Software composition analysis tools are only as good as the vulnerability data they reference. When you scan your dependencies for known vulnerabilities, you're querying databases that catalog security flaws—but these databases have significant limitations. Vulnerabilities may not have identifiers assigned for weeks or months. Severity scores may be incorrect or missing. Some flaws never receive formal identifiers at all. Understanding these gaps is essential for interpreting scan results and building effective vulnerability management programs.
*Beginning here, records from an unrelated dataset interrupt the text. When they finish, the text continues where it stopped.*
lemma x_carrier: "x \<in> carrier_mat n n"
  using generic unfolding generic_def by auto

lemma mu_bij: "1 \<le> k \<Longrightarrow> k \<le> n \<Longrightarrow> bij_betw (mu k) {..<k} (eigs x k)"
  using ordering unfolding eig_ordering_def by auto

lemma mu_inj: "1 \<le> k \<Longrightarrow> k \<le> n \<Longrightarrow> inj_on (mu k) {..<k}"
  using mu_bij bij_betw_imp_inj_on by blast

lemma Pk_mu: "1 \<le> k \<Longrightarrow> k \<le> n \<Longrightarrow> i < k \<Longrightarrow> poly (Pk x k) (mu k i) = 0"
  using mu_bij[THEN bij_betwE] unfolding eigs_Pk by blast

lemma Pk_Suc_mu_nonzero:
  assumes k: "1 \<le> k" "Suc k \<le> n" and i: "i < k"
  shows "poly (Pk x (Suc k)) (mu k i) \<noteq> 0"
proof
  assume "poly (Pk x (Suc k)) (mu k i) = 0"
  then have "mu k i \<in> eigs x k \<inter> eigs x (Suc k)"
    using Pk_mu[of k i] k i unfolding eigs_Pk by auto
  moreover have "eigs x k \<inter> eigs x (Suc k) = {}" using generic k unfolding generic_def by auto
  ultimately show False by blast
qed

lemma Pk_prod:
  assumes k: "1 \<le> k" "k \<le> n"
  shows "Pk x k = (\<Prod>i<k. [:- mu k i, 1:])"
proof -
  obtain as where cp: "Pk x k = (\<Prod>a\<leftarrow>as. [:- a, 1:])" and len: "length as = k"
    using char_poly_factorized[OF lead_carrier[of x k]] unfolding Pk_def by blast
  have set: "eigs x k = set as"
    unfolding eigs_Pk cp poly_prod_list by (auto simp: prod_list_zero_iff)
  moreover have "card (eigs x k) = k" using generic k unfolding generic_def by auto
  ultimately have "distinct as" using len card_distinct by metis
  then have "Pk x k = (\<Prod>a\<in>eigs x k. [:- a, 1:])"
    unfolding cp set by (simp add: prod.distinct_set_conv_list)
  also have "\<dots> = (\<Prod>i<k. [:- mu k i, 1:])"
    using prod.reindex_bij_betw[OF mu_bij[OF k], of "\<lambda>a. [:- a, 1:]"] by simp
  finally show ?thesis .
qed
This section surveys the vulnerability database landscape, examining how vulnerability information is collected, enriched, and distributed—and where the system falls short.

The CVE System

The Common Vulnerabilities and Exposures (CVE) system provides standardized identifiers for publicly known security vulnerabilities. Maintained by MITRE Corporation under funding from CISA, CVE has been the foundation of vulnerability management since 1999.

How CVE Works:

  1. Discovery: Someone identifies a security vulnerability
  2. Request: A CVE Numbering Authority (CNA) is contacted to assign an identifier
  3. Assignment: CNA assigns a CVE ID (format: CVE-YYYY-NNNNN)
  4. Publication: After coordinated disclosure, CVE details are published
  5. Reference: Security tools, advisories, and patches reference the CVE ID

CVE Numbering Authorities (CNAs):

CNAs are organizations authorized to assign CVE IDs:

  • Root CNAs: MITRE, CISA (coordinate CNA program)
  • Vendor CNAs: Microsoft, Google, Red Hat, Apache (assign for their own products)
  • Third-party CNAs: GitHub, Snyk, CERT/CC (assign for others' products)
  • Scope: Each CNA has defined scope for what they can assign

As of 2024, there are over 400 CNAs from 40 countries across different sectors.

CVE Limitations:

Assignment Delays:

The time from vulnerability discovery to CVE assignment varies significantly:

  • Well-resourced projects: Days to weeks
  • Smaller projects: Weeks to months
  • Disputed vulnerabilities: May never receive CVE

Research has found median assignment times of approximately 35-50 days for many vulnerability types.1

Coverage Gaps:

Not all vulnerabilities receive CVEs:

  • Some maintainers fix vulnerabilities silently without requesting CVEs
  • Vulnerabilities in abandoned projects may never be reported
  • Malware and malicious packages typically don't receive CVEs (they're not "vulnerabilities")
  • Quality issues and design flaws may not qualify

Process Bottlenecks:

  • CNAs may have backlogs
  • Disputes between reporters and vendors can delay assignment
  • Coordinated disclosure timelines don't always align with CNA capacity
  • Some products lack clear CNA coverage

Security researchers frequently report significant delays between vulnerability discovery and CVE assignment, with gaps of several months leaving organizations unable to systematically scan for known issues during critical windows.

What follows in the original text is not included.